definition C0 :: "real \<Rightarrow> ((real \<Rightarrow> real) \<times> (real \<Rightarrow> real)) set" where
  "C0 R = {(m, rho). continuous_on {0..R} m \<and> continuous_on {0..R} rho \<and>
     (\<forall>r\<in>{0..R}. 0 \<le> m r \<and> m r \<le> 4 * pi / 3 * rho_star R * r^3 \<and>
                  0 \<le> rho r \<and> rho r \<le> rho_star R)}"

definition M_op :: "(real \<Rightarrow> real) \<Rightarrow> real \<Rightarrow> real" where
  "M_op rho r = integral {0..r} (\<lambda>s. 4 * pi * s^2 * rho s)"

definition P_op :: "real \<Rightarrow> (real \<Rightarrow> real) \<Rightarrow> (real \<Rightarrow> real) \<Rightarrow> real \<Rightarrow> real" where
  "P_op R m rho r = integral {r..R} (\<lambda>s.
      (1 + 2 * rho s) / (1 - 8 * pi / 3 * s^2 - 2 * m s / s) *
      (4 * pi * s / 3) * (1 + 3 * rho s + 3 * m s / (4 * pi * s^3)))"

definition T_op :: "real \<Rightarrow> (real \<Rightarrow> real) \<times> (real \<Rightarrow> real) \<Rightarrow> (real \<Rightarrow> real) \<times> (real \<Rightarrow> real)" where
  "T_op R mr = (M_op (snd mr), P_op R (fst mr) (snd mr))"

end

theory Submission imports Defs begin

text \<open>
  With \<open>x = 8\<pi>R\<^sup>2/3 < 1/4\<close> one has \<open>\<rho>\<^sub>* = 2x\<close>. The bound on \<open>M\<close> is
  the integral of \<open>4\<pi>s\<^sup>2\<rho>\<^sub>*\<close>. For \<open>P\<close>, the bound \<open>m(s) \<le> (4\<pi>/3)\<rho>\<^sub>*s\<^sup>3\<close>
  makes \<open>m(s)/s\<close> and \<open>m(s)/s\<^sup>2\<close> vanish continuously at \<open>0\<close> and keeps the
  denominator above \<open>1 - t\<close> with \<open>t = (8\<pi>/3)(1+\<rho>\<^sub>*)s\<^sup>2 \<le> 3/8\<close>. Hence the
  integrand is continuous, nonnegative and at most \<open>c s (1 + 8t/5)\<close>, whose
  integral over \<open>[0,R]\<close> is a polynomial in \<open>x\<close> bounded by \<open>2x\<close>.
\<close>

lemma divide_power_le:
  fixes s y C :: real
  assumes "0 \<le> s" "y \<le> C * s^(n+j)" "0 \<le> C"
  shows "y / s^n \<le> C * s^j"
proof (cases "s = 0")
  case False
  then have "y / s^n \<le> C * s^(n+j) / s^n"
    using assms by (intro divide_right_mono) auto
  also have "\<dots> = C * s^j"
    using False by (simp add: power_add)
  finally show ?thesis .
qed (use assms in \<open>cases "n = 0"; simp add: zero_power\<close>)
lemma add_mult_le_of_real_bound:
  assumes "1 \<le> k" "real n \<ge> 3 * exp 1 * real t * real k"
  shows "t + t * k \<le> n"
proof -
  have "2 * (real t * real k) \<le> (3 * exp 1) * (real t * real k)"
    using exp_1_gt by (intro mult_right_mono) auto
  then have "real (2 * t * k) \<le> real n" using assms(2) by (simp add: ac_simps)
  moreover have "t \<le> t * k" using assms(1) by simp
  ultimately show ?thesis by linarith
qed

lemma crowded_term_le:
  assumes q: "1 \<le> q" "3 * q < 2 * t" and n: "real n \<ge> 3 * exp 1 * real t * real k"
    and j: "j \<in> {2..k}"
  shows "real (((q + t * (j - 1) - 1) choose j) * ((n - j) choose (k - j)))
           \<le> real ((n - 1) choose (k - 1)) * real t * term_weight j"
proof -
  define N where "N = real ((n - 1) choose (k - 1))"
  define u where "u = real t * real k / real n"
  have "k \<le> t * k" using q by simp
  moreover have "t + t * k \<le> n" using add_mult_le_of_real_bound[OF _ n] j by simp
  ultimately have "k \<le> n" by linarith
  have "real (q + t * (j - 1) - 1) = real q + real t * (real j - 1) - 1"
    using q j by simp
  moreover have "3 * real q \<le> 2 * real t - 1" using q by linarith
  ultimately have "real (q + t * (j - 1) - 1) \<le> real t * (real j - 1/3)"
    by (simp add: algebra_simps)
  then have "real (q + t * (j - 1) - 1) ^ j / fact j \<le> (real t * (real j - 1/3)) ^ j / fact j"
    by (intro divide_right_mono power_mono) auto
  then have "real ((q + t * (j - 1) - 1) choose j) \<le> (real t * (real j - 1/3)) ^ j / fact j"
    using binomial_le_pow_div_fact order_trans by blast
  moreover have "real ((n - j) choose (k - j)) \<le> N * (real k / real n) ^ (j - 1)"
    unfolding N_def using binomial_ratio_le[OF \<open>k \<le> n\<close>, of j] j by simp
  ultimately have "real (((q + t * (j - 1) - 1) choose j) * ((n - j) choose (k - j)))
      \<le> (real t * (real j - 1/3)) ^ j / fact j * (N * (real k / real n) ^ (j - 1))"
    using j unfolding of_nat_mult by (intro mult_mono) auto
  also have "\<dots> = N * real t * ((real j - 1/3) ^ j / fact j * u ^ (j - 1))"
  proof -
    obtain i where "j = Suc i" using j by (cases j) auto
    then show ?thesis by (simp add: u_def power_mult_distrib power_divide)
  qed
  also have "\<dots> \<le> N * real t * term_weight j"
  proof (intro mult_left_mono power_term_le_term_weight)
    have "0 < real n" using \<open>k \<le> n\<close> j by simp
    then show "exp 1 * u \<le> 1/3"
      using n by (simp add: u_def pos_divide_le_eq)
  qed (use j in \<open>auto simp: u_def N_def\<close>)
  finally show ?thesis unfolding N_def .
qed

lemma crowded_sum_lt:
  assumes k: "1 \<le> k" and q: "1 \<le> q" "3 * q < 2 * t"
    and n: "real n \<ge> 3 * exp 1 * real t * real k"
  shows "real (\<Sum>j=2..k. ((q + t * (j - 1) - 1) choose j) * ((n - j) choose (k - j)))
           < real ((n - 1) choose (k - 1)) * real t * ((1 - 1 / (3 * exp 1)) / 3)"
proof -
  have "k \<le> t * k" using q by simp
  then have "k \<le> n" using add_mult_le_of_real_bound[OF k n] by linarith
  then have pos: "0 < real ((n - 1) choose (k - 1)) * real t" using k q by simp
  have "real (\<Sum>j=2..k. ((q + t * (j - 1) - 1) choose j) * ((n - j) choose (k - j)))
      \<le> (\<Sum>j=2..k. real ((n - 1) choose (k - 1)) * real t * term_weight j)"
    unfolding of_nat_sum using crowded_term_le[OF q n] by (intro sum_mono) auto
  also have "\<dots> < real ((n - 1) choose (k - 1)) * real t * ((1 - 1 / (3 * exp 1)) / 3)"
    using mult_strict_left_mono[OF sum_term_weight_lt pos] by (simp add: sum_distrib_left)
  finally show ?thesis .
qed

lemma binomial_drop_ge:
  assumes k: "1 \<le> k" and t: "2 \<le> t" and n: "real n \<ge> 3 * exp 1 * real t * real k"
  shows "real ((n - 1) choose (k - 1)) * (1 - 1 / (3 * exp 1)) \<le> real ((n + 1 - t) choose (k - 1))"
proof -
  define e :: real where "e = exp 1"
  define L where "L = n + 1 - t"
  have e: "e > 1" using exp_1_gt by (simp add: e_def)
  have "k \<le> t * k" using t by simp
  then have ntk: "t + k \<le> n" using add_mult_le_of_real_bound[OF k n] by linarith
  then have L: "0 < L" "k - 1 \<le> L" "real L = real n + 1 - real t"
    by (auto simp: L_def)
  have "3 * e * (real (t - 2) * real (k - 1)) \<le> real L"
  proof -
    have "3 * e * (real (t - 2) * real (k - 1))
        = 3 * e * (real t * real k) - 3 * e * real t - 6 * e * real k + 6 * e"
      using t k by (simp add: algebra_simps)
    moreover have "e * real k \<ge> e" using e k by simp
    moreover have "e * real t \<ge> 1 * real t" using e by (intro mult_right_mono) auto
    ultimately show ?thesis using L(3) n by (simp add: e_def[symmetric] ac_simps)
  qed
  then have small: "real (t - 2) * (real (k - 1) / real L) \<le> 1 / (3 * e)"
    using L e by (simp add: divide_simps ac_simps)
  have "1 - 1 / (3 * e) \<le> 1 + real (t - 2) * (- (real (k - 1) / real L))" using small by simp
  also have "\<dots> \<le> (1 - real (k - 1) / real L) ^ (t - 2)"
    using Bernoulli_inequality[of "- (real (k - 1) / real L)" "t - 2"] L by simp
  finally have "real ((n - 1) choose (k - 1)) * (1 - 1 / (3 * e))
      \<le> real ((n - 1) choose (k - 1)) * (1 - real (k - 1) / real L) ^ (t - 2)"
    by (intro mult_left_mono) auto
  also have "\<dots> \<le> real (((n - 1) - (t - 2)) choose (k - 1))"
    using binomial_diff_ge[OF L(1,2), of "t - 2" "n - 1"] ntk t by (simp add: L_def)
  also have "(n - 1) - (t - 2) = n + 1 - t" using ntk t by linarith
  finally show ?thesis by (simp add: e_def)
qed

lemma crowded_bound_lt:
  assumes k: "1 \<le> k" and q: "1 \<le> q" "3 * q < 2 * t"
    and n: "real n \<ge> 3 * exp 1 * real t * real k"
  shows "(\<Sum>j=2..k. ((q + t * (j - 1) - 1) choose j) * ((n - j) choose (k - j)))
           + ((n + 1 - t) choose k) < (n + 1 - q) choose k"
proof -
  define N where "N = real ((n - 1) choose (k - 1))"
  define c :: real where "c = 1 - 1 / (3 * exp 1)"
  have "c > 0" using exp_1_gt by (simp add: c_def field_simps)
  have "t + t * k \<le> n" using add_mult_le_of_real_bound[OF k n] .
  have "real (\<Sum>j=2..k. ((q + t * (j - 1) - 1) choose j) * ((n - j) choose (k - j)))
      < N * real t * (c / 3)"
    using crowded_sum_lt[OF k q n] by (simp add: N_def c_def)
  also have "\<dots> = (real t / 3) * (N * c)" by simp
  also have "\<dots> \<le> real (t - q) * (N * c)"
    using q \<open>c > 0\<close> by (intro mult_right_mono) (auto simp: N_def)
  also have "\<dots> \<le> real (t - q) * real ((n + 1 - t) choose (k - 1))"
    using binomial_drop_ge[OF k _ n] q by (intro mult_left_mono) (auto simp: N_def c_def)
  finally have "(\<Sum>j=2..k. ((q + t * (j - 1) - 1) choose j) * ((n - j) choose (k - j)))
      < (t - q) * ((n + 1 - t) choose (k - 1))"
    unfolding of_nat_mult[symmetric] of_nat_less_iff .
  moreover have "((n + 1 - t) choose k) + (t - q) * ((n + 1 - t) choose (k - 1)) \<le> (n + 1 - q) choose k"
    using binomial_add_gap_le[of "n + 1 - t" "n + 1 - q" "k - 1"] k q \<open>t + t * k \<le> n\<close>
    by (simp add: Suc_diff_le)
  ultimately show ?thesis by linarith
qed

lemma shadow_fam_empty_subset_fam_last:
  assumes sh: "shifted n k F" and sn: "s + 1 \<le> n"
  shows "shadow (fam_empty s F) \<subseteq> fam_last s F"
proof
  fix B assume "B \<in> shadow (fam_empty s F)"
  then obtain A x where A: "A \<in> F" "A \<inter> {1..s+1} = {}" "x \<in> A" "B = A - {x}"
    unfolding shadow_def fam_empty_def by auto
  have An: "A \<subseteq> {1..n}" using sh A(1) unfolding shifted_def ksets_def by auto
  have x: "s + 1 < x" using A(2,3) An by force
  have sA: "s + 1 \<notin> A" using A(2) by auto
  define A' where "A' = insert (s + 1) (A - {x})"
  define f where "f y = (if y = x then s + 1 else y)" for y
  have "bij_betw f A A'"
    unfolding bij_betw_def inj_on_def A'_def f_def using sA A(3) by auto
  moreover have "\<forall>y\<in>A. f y \<le> y" unfolding f_def using x by auto
  moreover have "A' \<subseteq> {1..n}" unfolding A'_def using An sn by auto
  ultimately have "A' \<in> F" using sh A(1) unfolding shifted_def by blast
  moreover have "A' \<inter> {1..s+1} = {s+1}" "A' - {s+1} = B"
    unfolding A'_def using A(2,4) sA by auto
  ultimately show "B \<in> fam_last s F" unfolding fam_last_def by blast
qed

lemma large_shifted_contains_progression:
  assumes sh: "shifted n k F" and k: "1 \<le> k" and q: "3 * q < 2 * t" "d \<in> {1..q}"
    and n: "real n \<ge> 3 * exp 1 * real t * real k"
    and large: "(n choose k) - ((n + 1 - t) choose k) \<le> card F"
  shows "progression d t k \<in> F"
proof -
  have "t + t * k \<le> n" using add_mult_le_of_real_bound[OF k n] .
  have "card (crowded_ksets n k q t) \<le> ((n choose k) - ((n + 1 - q) choose k))
           + (\<Sum>j=2..k. ((q + t * (j - 1) - 1) choose j) * ((n - j) choose (k - j)))"
    using q \<open>t + t * k \<le> n\<close> by (intro card_crowded_ksets_le) auto
  moreover have "(\<Sum>j=2..k. ((q + t * (j - 1) - 1) choose j) * ((n - j) choose (k - j)))
           + ((n + 1 - t) choose k) < (n + 1 - q) choose k"
    using q by (intro crowded_bound_lt[OF k _ _ n]) auto
  moreover have "(n + 1 - q) choose k \<le> n choose k"
    using q(2) by (intro binomial_right_mono) auto
  ultimately have "card (crowded_ksets n k q t) < card F" using large by linarith
  moreover have "finite (crowded_ksets n k q t)"
    by (rule finite_subset[of _ "ksets {1..n} k"]) (auto simp: crowded_ksets_def finite_ksets)
  ultimately have "\<not> F \<subseteq> crowded_ksets n k q t" using card_mono by (metis not_le)
  then obtain A where A: "A \<in> F" "A \<notin> crowded_ksets n k q t" by blast
  have "A \<in> ksets {1..n} k" using sh A(1) by (auto simp: shifted_def)
  then have "finite A" and uncrowded: "\<forall>j\<in>{1..k}. card (A \<inter> {..<q + t * (j - 1)}) < j"
    using A(2) by (auto simp: crowded_ksets_def ksets_def not_le intro: finite_subset)
  have "card (A \<inter> {..<d + t * j}) \<le> j" if "j < k" for j
  proof -
    have "card (A \<inter> {..<d + t * j}) \<le> card (A \<inter> {..<q + t * (Suc j - 1)})"
      using \<open>finite A\<close> q(2) by (intro card_mono) auto
    also have "\<dots> < Suc j" using uncrowded[rule_format, of "Suc j"] that by simp
    finally show ?thesis by simp
  qed
  then show ?thesis
    using q \<open>t + t * k \<le> n\<close> by (intro shifted_contains_progression[OF sh A(1)]) auto
qed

▶ [What to produce] Line count for "finally": report how many lines in the data above include it, with no other words.

▶ [Response box] 7